Whether you can plan for a whole week or just one day, by having your menu decided ahead of time you lower your risk of ending up at a fast-food joint hungry and giving into temptation. I've let go of the perfectionistic idea that the entire week must be planned in advance and I allow myself to go to the grocery store with a mission in mind. I'm able to buy what I need for the immediate demands and find that I feel a sense of satisfaction and mastery. (This allows me to build on that success, rather than feeling defeated!)
Stay Stocked With Quick Eats
Keep fruit, veggies or nuts on hand at all times. Once a week I make sure that I have simple things on hand for those times that I feel like I want a crunchy or sweet snack. Rather than eating candy or cookies, I reach for fresh strawberries, an orange, baby carrots with cream cheese, or a handful of cashews or almonds. It's hard to resist something crunchy or sweet in the afternoon when our energy levels start to dip. So be prepared for the munchies with Nature's original fast foods and you'll avoid the extra 200-300 calories that could add up to a pound per week in weight loss!
Drink More Water!
Most people don't realize that the brain needs a constant supply of water to use as fuel. When the brain is fatigued, it asks for more energy. But we mistakenly think that we need to eat or drink caffeinated beverages, when more times than not, the brain is in need of hydro-electric fuel in the form of WATER. So if you'd drink eight glasses of water a day, you'll find that you snack on less junk food and drink fewer empty-calorie drinks because your brain isn't being deprived.

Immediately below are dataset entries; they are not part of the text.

(* For every integer $n\ge 2$, the $n$-abomination $\mathbb{X}_n$ has width $2^{n+2}$; that is, $\mathbb{X}_n$ contains an antichain with $2^{n+2}$ elements and every antichain in $\mathbb{X}_n$ has at most $2^{n+2}$ elements.
   Context: $\mathbb{N}=\{0,1,2,\dots\}$. Fix an integer $n\ge 2$ and put $N=2^{n+1}-1$. Let $T_n$ be the set of triples $\langle k_1,k_2,k_3\rangle$ of pairwise distinct natural numbers $\le N$, with a fixed enumeration $T_n=\{s_0,\dots,s_t\}$. Let $U_n$ be a set of pairwise distinct elements $a_m,b_m$ ($m\in\mathbb{N}$) and $c_{m,k},d_{m,k},e^a_{m,k},e^b_{m,k}$ ($m\in\mathbb{N}$, $0\le k\le N$). Define $x\prec y$ on $U_n$ iff one of: (1) $x=a_m$ and $y\in\{c_{m,k_1},c_{m,k_2}\}$, where $s_j=\langle k_1,k_2,k_3\rangle$ with $j\equiv m \bmod (t+1)$; (2) $x=b_m$ and $y\in\{c_{m,k_1},c_{m,k_3}\}$, with $s_j$ as in (1); (3) $m\ge1$, $x=c_{m,k}$, and either $y=e^a_{m-1,j}$ with $j\ne k$, or $y=e^b_{m-1,i}$ for any $i\le N$; (4) $x=d_{m,k}$ and $y=c_{m,j}$ with $j\neq k$; (5) $x=e^a_{m,k}$ and either $y=a_m$ or $y=d_{m,j}$ with $j\ne k$; (6) $x=e^b_{m,k}$ and either $y=b_m$ or $y=d_{m,j}$ with $j\ne k$. Let $\le$ be the reflexive transitive closure of $\prec$. The $n$-abomination $\mathbb{X}_n$ is the poset $U_n\cup\{\bot\}$ where $\bot$ is a new least element, with the topology in which $U$ is open iff $\bot\notin U$ or $U$ is cofinite. A rooted poset has width $w$ if its largest antichain has exactly $w$ elements. *)

theory Defs
  imports Main
begin

datatype elt = EltA nat | EltB nat | EltC nat nat | EltD nat nat
  | EltEa nat nat | EltEb nat nat | Bot

definition bigN :: "nat \<Rightarrow> nat" where
  "bigN n = 2 ^ (n + 1) - 1"

definition triples :: "nat \<Rightarrow> (nat \<times> nat \<times> nat) set" where
  "triples n = {(k1, k2, k3). k1 \<le> bigN n \<and> k2 \<le> bigN n \<and> k3 \<le> bigN n
      \<and> k1 \<noteq> k2 \<and> k1 \<noteq> k3 \<and> k2 \<noteq> k3}"

definition is_enum :: "nat \<Rightarrow> (nat \<Rightarrow> nat \<times> nat \<times> nat) \<Rightarrow> bool" where
  "is_enum n s \<longleftrightarrow> bij_betw s {..<card (triples n)} (triples n)"

definition carrier :: "nat \<Rightarrow> elt set" where
  "carrier n = {Bot} \<union> range EltA \<union> range EltB
     \<union> {EltC m k | m k. k \<le> bigN n} \<union> {EltD m k | m k. k \<le> bigN n}
     \<union> {EltEa m k | m k. k \<le> bigN n} \<union> {EltEb m k | m k. k \<le> bigN n}"

definition prec :: "nat \<Rightarrow> (nat \<Rightarrow> nat \<times> nat \<times> nat) \<Rightarrow> elt \<Rightarrow> elt \<Rightarrow> bool" where
  "prec n s x y \<longleftrightarrow> x \<in> carrier n \<and> y \<in> carrier n \<and> x \<noteq> Bot \<and> y \<noteq> Bot \<and>
    ((\<exists>m k1 k2 k3. x = EltA m \<and> s (m mod card (triples n)) = (k1, k2, k3)
        \<and> (y = EltC m k1 \<or> y = EltC m k2))
   \<or> (\<exists>m k1 k2 k3. x = EltB m \<and> s (m mod card (triples n)) = (k1, k2, k3)
        \<and> (y = EltC m k1 \<or> y = EltC m k3))
   \<or> (\<exists>m k. m \<ge> 1 \<and> x = EltC m k \<and>
        ((\<exists>j. j \<noteq> k \<and> y = EltEa (m - 1) j) \<or> (\<exists>i. y = EltEb (m - 1) i)))
   \<or> (\<exists>m k j. x = EltD m k \<and> j \<noteq> k \<and> y = EltC m j)
   \<or> (\<exists>m k. x = EltEa m k \<and> (y = EltA m \<or> (\<exists>j. j \<noteq> k \<and> y = EltD m j)))
   \<or> (\<exists>m k. x = EltEb m k \<and> (y = EltB m \<or> (\<exists>j. j \<noteq> k \<and> y = EltD m j))))"

definition leq :: "nat \<Rightarrow> (nat \<Rightarrow> nat \<times> nat \<times> nat) \<Rightarrow> elt \<Rightarrow> elt \<Rightarrow> bool" where
  "leq n s x y \<longleftrightarrow> x \<in> carrier n \<and> y \<in> carrier n \<and>
     (x = Bot \<or> (prec n s)\<^sup>*\<^sup>* x y)"

definition antichain :: "nat \<Rightarrow> (nat \<Rightarrow> nat \<times> nat \<times> nat) \<Rightarrow> elt set \<Rightarrow> bool" where
  "antichain n s A \<longleftrightarrow> A \<subseteq> carrier n \<and>
     (\<forall>x\<in>A. \<forall>y\<in>A. x \<noteq> y \<longrightarrow> \<not> leq n s x y)"

definition has_width :: "nat \<Rightarrow> (nat \<Rightarrow> nat \<times> nat \<times> nat) \<Rightarrow> nat \<Rightarrow> bool" where
  "has_width n s w \<longleftrightarrow>
     (\<exists>A. antichain n s A \<and> finite A \<and> card A = w) \<and>
     (\<forall>A. antichain n s A \<longrightarrow> finite A \<and> card A \<le> w)"

end

theory Submission
  imports Defs
begin

text \<open>
  All e-elements of one level have the same depth in the graded order, so they form an antichain
  of size 2(N+1). Conversely, X_n is covered by 2(N+1) chains. Across levels, every element of level m+1 or higher lies
  below every element of level m, with the single exception of the pairs c_{m+1,k}, e^a_{m,k};
  the chains are chosen so that these two never share a chain. An antichain meets every chain
  at most once.
\<close>

lemma prec_Ea_A: "k \<le> bigN n \<Longrightarrow> prec n s (EltEa m k) (EltA m)"
  by (simp add: prec_def carrier_def)

lemma prec_Eb_B: "k \<le> bigN n \<Longrightarrow> prec n s (EltEb m k) (EltB m)"
  by (simp add: prec_def carrier_def)

lemma prec_Ea_D: "\<lbrakk>k \<le> bigN n; j \<le> bigN n; j \<noteq> k\<rbrakk> \<Longrightarrow> prec n s (EltEa m k) (EltD m j)"
  by (simp add: prec_def carrier_def)

lemma prec_Eb_D: "\<lbrakk>k \<le> bigN n; j \<le> bigN n; j \<noteq> k\<rbrakk> \<Longrightarrow> prec n s (EltEb m k) (EltD m j)"
  by (simp add: prec_def carrier_def)

lemma prec_D_C: "\<lbrakk>k \<le> bigN n; j \<le> bigN n; j \<noteq> k\<rbrakk> \<Longrightarrow> prec n s (EltD m k) (EltC m j)"
  by (simp add: prec_def carrier_def)

lemma prec_C_Ea: "\<lbrakk>k \<le> bigN n; j \<le> bigN n; j \<noteq> k\<rbrakk> \<Longrightarrow> prec n s (EltC (Suc m) k) (EltEa m j)"
  by (simp add: prec_def carrier_def)

lemma prec_C_Eb: "\<lbrakk>k \<le> bigN n; j \<le> bigN n\<rbrakk> \<Longrightarrow> prec n s (EltC (Suc m) k) (EltEb m j)"
  by (simp add: prec_def carrier_def)

lemma carrier_iff [simp]:
  "EltA m \<in> carrier n" "EltB m \<in> carrier n" "Bot \<in> carrier n"
  "EltC m k \<in> carrier n \<longleftrightarrow> k \<le> bigN n" "EltD m k \<in> carrier n \<longleftrightarrow> k \<le> bigN n"
  "EltEa m k \<in> carrier n \<longleftrightarrow> k \<le> bigN n" "EltEb m k \<in> carrier n \<longleftrightarrow> k \<le> bigN n"
  by (auto simp: carrier_def)

fun level :: "elt \<Rightarrow> nat" where
  "level (EltA m) = m"
| "level (EltB m) = m"
| "level (EltC m k) = m"
| "level (EltD m k) = m"
| "level (EltEa m k) = m"
| "level (EltEb m k) = m"
| "level Bot = 0"

fun depth :: "elt \<Rightarrow> nat" where
  "depth (EltA m) = 4 * m + 2"
| "depth (EltB m) = 4 * m + 2"
| "depth (EltC m k) = 4 * m + 1"
| "depth (EltD m k) = 4 * m + 2"
| "depth (EltEa m k) = 4 * m + 3"
| "depth (EltEb m k) = 4 * m + 3"
| "depth Bot = 0"

lemma depth_less_of_prec: "prec n s x y \<Longrightarrow> depth y < depth x"
  unfolding prec_def by auto

lemma depth_less_of_tranclp: "(prec n s)\<^sup>+\<^sup>+ x y \<Longrightarrow> depth y < depth x"
  by (induction rule: tranclp_induct) (auto dest: depth_less_of_prec)

lemma antichain_of_same_depth:
  assumes "A \<subseteq> carrier n - {Bot}" and "\<And>x. x \<in> A \<Longrightarrow> depth x = d"
  shows "antichain n s A"
  using assms unfolding antichain_def leq_def
  by (auto dest!: rtranclpD depth_less_of_tranclp)

lemma antichain_E_level: "antichain n s (EltEa m ` {..bigN n} \<union> EltEb m ` {..bigN n})"
  by (rule antichain_of_same_depth[where d = "4 * m + 3"]) auto

lemma card_E_level: "card (EltEa m ` {..bigN n} \<union> EltEb m ` {..bigN n}) = 2 * Suc (bigN n)"
  by (subst card_Un_disjoint) (auto simp: card_image inj_on_def)

text \<open>
  At an even level the chains are {e^a_0, a}, {e^a_k, d_{k-1}, c_k} for 1 \<le> k \<le> N,
  {e^b_0, b}, {e^b_1, d_N, c_0} and {e^b_k} for k \<ge> 2; at odd levels the two sides are swapped.
  Bot lies below everything, so its index is arbitrary.
\<close>
fun chain_index :: "nat \<Rightarrow> elt \<Rightarrow> bool \<times> nat" where
  "chain_index N (EltA m) = (odd m, 0)"
| "chain_index N (EltEa m k) = (odd m, k)"
| "chain_index N (EltC m k) = (if k = 0 then (even m, 1) else (odd m, k))"
| "chain_index N (EltD m k) = (if k = N then (even m, 1) else (odd m, Suc k))"
| "chain_index N (EltB m) = (even m, 0)"
| "chain_index N (EltEb m k) = (even m, k)"
| "chain_index N Bot = (True, 0)"

lemma chain_index_C_Suc_neq_Ea: "chain_index N (EltC (Suc m) k) \<noteq> chain_index N (EltEa m k)"
  by simp

locale abomination =
  fixes n :: nat and s :: "nat \<Rightarrow> nat \<times> nat \<times> nat"
  assumes enum_in_triples: "s (m mod card (triples n)) \<in> triples n"

lemma abomination_of_enum:
  assumes "1 \<le> n" and "is_enum n s"
  shows "abomination n s"
proof
  fix m
  have "(2::nat) ^ 2 \<le> 2 ^ (n + 1)" using assms(1) by (intro power_increasing) auto
  then have "2 \<le> bigN n" unfolding bigN_def by simp
  then have "(0, 1, 2) \<in> triples n" by (simp add: triples_def)
  moreover have "finite (triples n)"
    by (rule finite_subset[of _ "{..bigN n} \<times> {..bigN n} \<times> {..bigN n}"]) (auto simp: triples_def)
  ultimately have "0 < card (triples n)" by (auto simp: card_gt_0_iff)
  then show "s (m mod card (triples n)) \<in> triples n"
    using assms(2) unfolding is_enum_def by (meson bij_betwE lessThan_iff mod_less_divisor)
qed

context abomination
begin

abbreviation N :: nat where "N \<equiv> bigN n"

abbreviation U :: "elt set" where "U \<equiv> carrier n - {Bot}"

abbreviation below :: "elt \<Rightarrow> elt \<Rightarrow> bool" (infix "\<sqsubseteq>" 50) where
  "x \<sqsubseteq> y \<equiv> (prec n s)\<^sup>*\<^sup>* x y"

lemma N_ge_2: "2 \<le> N"
  using enum_in_triples[of 0] by (auto simp: triples_def)

lemma exists_third_index: "\<exists>j\<le>N. j \<noteq> k \<and> j \<noteq> l"
  using N_ge_2 by presburger

lemma A_le_two_C: "\<exists>i j. i \<le> N \<and> j \<le> N \<and> i \<noteq> j \<and> EltA m \<sqsubseteq> EltC m i \<and> EltA m \<sqsubseteq> EltC m j"
proof -
  obtain k1 k2 k3 where "s (m mod card (triples n)) = (k1, k2, k3)" by (metis prod_cases3)
  with enum_in_triples[of m] have "prec n s (EltA m) (EltC m k1)" "prec n s (EltA m) (EltC m k2)"
      "k1 \<le> N" "k2 \<le> N" "k1 \<noteq> k2"
    by (auto simp: prec_def carrier_def triples_def)
  then show ?thesis by blast
qed

lemma B_le_two_C: "\<exists>i j. i \<le> N \<and> j \<le> N \<and> i \<noteq> j \<and> EltB m \<sqsubseteq> EltC m i \<and> EltB m \<sqsubseteq> EltC m j"
proof -
  obtain k1 k2 k3 where "s (m mod card (triples n)) = (k1, k2, k3)" by (metis prod_cases3)
  with enum_in_triples[of m] have "prec n s (EltB m) (EltC m k1)" "prec n s (EltB m) (EltC m k3)"
      "k1 \<le> N" "k3 \<le> N" "k1 \<noteq> k3"
    by (auto simp: prec_def carrier_def triples_def)
  then show ?thesis by blast
qed

lemma le_two_C:
  assumes "x \<in> U" and "\<nexists>k. x = EltC (level x) k"
  shows "\<exists>i j. i \<le> N \<and> j \<le> N \<and> i \<noteq> j \<and> x \<sqsubseteq> EltC (level x) i \<and> x \<sqsubseteq> EltC (level x) j"
proof (cases x)
  case (EltA m)
  then show ?thesis using A_le_two_C by simp
next
  case (EltB m)
  then show ?thesis using B_le_two_C by simp
next
  case (EltD m k)
  have "k \<le> N" using assms(1) EltD by simp
  obtain i where i: "i \<le> N" "i \<noteq> k" using exists_third_index by blast
  obtain j where j: "j \<le> N" "j \<noteq> k" "j \<noteq> i" using exists_third_index by blast
  show ?thesis
    using prec_D_C[OF \<open>k \<le> N\<close> i(1,2)] prec_D_C[OF \<open>k \<le> N\<close> j(1,2)] i j EltD by fastforce
next
  case (EltEa m k)
  then have "prec n s x (EltA m)" using assms(1) prec_Ea_A by simp
  moreover obtain i j where "i \<le> N" "j \<le> N" "i \<noteq> j" "EltA m \<sqsubseteq> EltC m i" "EltA m \<sqsubseteq> EltC m j"
    using A_le_two_C by blast
  ultimately show ?thesis using EltEa by (auto intro: converse_rtranclp_into_rtranclp)
next
  case (EltEb m k)
  then have "prec n s x (EltB m)" using assms(1) prec_Eb_B by simp
  moreover obtain i j where "i \<le> N" "j \<le> N" "i \<noteq> j" "EltB m \<sqsubseteq> EltC m i" "EltB m \<sqsubseteq> EltC m j"
    using B_le_two_C by blast
  ultimately show ?thesis using EltEb by (auto intro: converse_rtranclp_into_rtranclp)
qed (use assms in auto)
(* Grouping multichains by their last element x gives the recursion
   E_x(m+1) = q^h(x) * sum_{y <= x} E_y(m).  As h strictly increases along the order,
   induction on h(x) solves it in the form E_x(m) = sum_{j <= h(x)} c_j q^(jm), so every
   multichain sum is a combination sum_{j <= H} c_j q^(jm) for m >= 1.  Since
   q^n = 1 + (q - 1)[n]_q, the value of such a combination at m = n - 1 is the value at [n]_q
   of an explicit polynomial, which is therefore the q-Zeta polynomial, and its value at [n]_q
   is given by the same formula for every integer n.  Reversing multichains turns the sums of
   (dual P, H - h) into q^(mH) sigma of those of (P, h), i.e. replaces c_j q^(jm) by
   sigma(c_j) q^((H-j)m); comparing the two explicit polynomials at [n]_q gives the identity. *)

abbreviation const_ratfun :: "rat \<Rightarrow> ratfun" where
  "const_ratfun c \<equiv> to_fract [:c:]"

lemma qvar_nonzero: "qvar \<noteq> 0"
  by (simp add: qvar_def)

lemma qvar_power_eq_iff: "qvar ^ i = qvar ^ j \<longleftrightarrow> i = j"
proof
  have monom: "qvar ^ n = to_fract (monom 1 n)" for n
    by (induction n) (simp_all add: qvar_def monom_Suc flip: to_fract_mult)
  assume "qvar ^ i = qvar ^ j"
  then have "coeff (monom (1::rat) i) i = coeff (monom 1 j) i"
    by (simp add: monom)
  then show "i = j"
    by (simp split: if_splits)
qed simp

lemma qvar_neq_1: "qvar \<noteq> 1"
  using qvar_power_eq_iff[of 1 0] by simp

lemma qint_affine_eq_powi: "1 + (qvar - 1) * qint n = qvar powi n"
  using qvar_neq_1 by (simp add: qint_def)

lemma qint_of_nat_eq_iff: "qint (int a) = qint (int b) \<longleftrightarrow> a = b"
  using qvar_neq_1 by (simp add: qint_def qvar_power_eq_iff)

lemma qsubst_inv_pCons: "qsubst_inv (pCons a p) = const_ratfun a + inverse qvar * qsubst_inv p"
  by (simp add: qsubst_inv_def map_poly_pCons)

lemma qsubst_inv_0 [simp]: "qsubst_inv 0 = 0"
  by (simp add: qsubst_inv_def)

lemma qsubst_inv_const [simp]: "qsubst_inv [:a:] = const_ratfun a"
  by (simp add: qsubst_inv_pCons)

lemma qsubst_inv_1 [simp]: "qsubst_inv 1 = 1"
  using qsubst_inv_const[of 1] by (simp add: pCons_one)

lemma qsubst_inv_add: "qsubst_inv (p + q) = qsubst_inv p + qsubst_inv q"
proof (induction p arbitrary: q rule: pCons_induct)
  case (pCons a p)
  then show ?case
    by (cases q rule: pCons_cases) (simp add: qsubst_inv_pCons algebra_simps flip: to_fract_add)
qed simp

lemma qsubst_inv_smult: "qsubst_inv (smult a p) = const_ratfun a * qsubst_inv p"
  by (induction p rule: pCons_induct)
    (simp_all add: qsubst_inv_pCons algebra_simps flip: to_fract_mult)

lemma qsubst_inv_mult: "qsubst_inv (p * q) = qsubst_inv p * qsubst_inv q"
  by (induction p rule: pCons_induct)
    (simp_all add: qsubst_inv_pCons qsubst_inv_add qsubst_inv_smult algebra_simps)

lemma poly_map_const_ratfun_qvar: "poly (map_poly const_ratfun p) qvar = to_fract p"
proof (induction p rule: pCons_induct)
  case (pCons a p)
  have "to_fract (pCons a p) = const_ratfun a + qvar * to_fract p"
    by (simp add: qvar_def flip: to_fract_add to_fract_mult)
  with pCons show ?case
    by (simp add: map_poly_pCons)
qed simp

text \<open>\<open>q\<^sup>d p(1/q)\<close> with \<open>d = deg p\<close> is the reflected polynomial of \<open>p\<close>,
  which is nonzero.\<close>
lemma qsubst_inv_eq_0_iff [simp]: "qsubst_inv p = 0 \<longleftrightarrow> p = 0"
proof
  assume "qsubst_inv p = 0"
  have "degree (map_poly const_ratfun p) = degree p"
    by (rule degree_map_poly) simp
  then have "reflect_poly (map_poly const_ratfun p) = map_poly const_ratfun (reflect_poly p)"
    by (intro poly_eqI) (simp add: coeff_reflect_poly coeff_map_poly)
  then have "to_fract (reflect_poly p) = qvar ^ degree p * qsubst_inv p"
    using poly_reflect_poly_nz[OF qvar_nonzero, of "map_poly const_ratfun p"]
    by (simp add: poly_map_const_ratfun_qvar qsubst_inv_def degree_map_poly)
  with \<open>qsubst_inv p = 0\<close> show "p = 0"
    by simp
qed simp

lemma sigma_Fract: "b \<noteq> 0 \<Longrightarrow> sigma (Fract a b) = qsubst_inv a / qsubst_inv b"
proof -
  assume "b \<noteq> 0"
  obtain a' b' where quot: "quot_of_fract (Fract a b) = (a', b')"
    by (cases "quot_of_fract (Fract a b)")
  then have "b' \<noteq> 0"
    using snd_quot_of_fract_nonzero[of "Fract a b"] by simp
  moreover have "Fract a' b' = Fract a b"
    using Fract_quot_of_fract[of "Fract a b"] quot by simp
  ultimately have "qsubst_inv a' * qsubst_inv b = qsubst_inv a * qsubst_inv b'"
    using \<open>b \<noteq> 0\<close> by (simp add: eq_fract flip: qsubst_inv_mult)
  with quot \<open>b \<noteq> 0\<close> \<open>b' \<noteq> 0\<close> show ?thesis
    by (simp add: sigma_def field_simps)
qed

These tips are simple but effective. Many of my clients find that starting with the easy things first, they can build up more power to exercise, get more rest and lead happier lives! I wish you much success in your journey to total wellness!
Dr. Andrea Pennington is an Integrative medicine physician and is certified in Age Management Medicine. She is the author of the Pennington Plan for Weight Success and has been seen on Oprah, CNN, the Today Show and Discovery Health Channel. Dr. Pennington is the immediate past President of the International Association of Eating Disorder Professionals and operates wellness retreats around the world. Sign-up for her free newsletter and learn more about her work at www.AndreaPennington.com.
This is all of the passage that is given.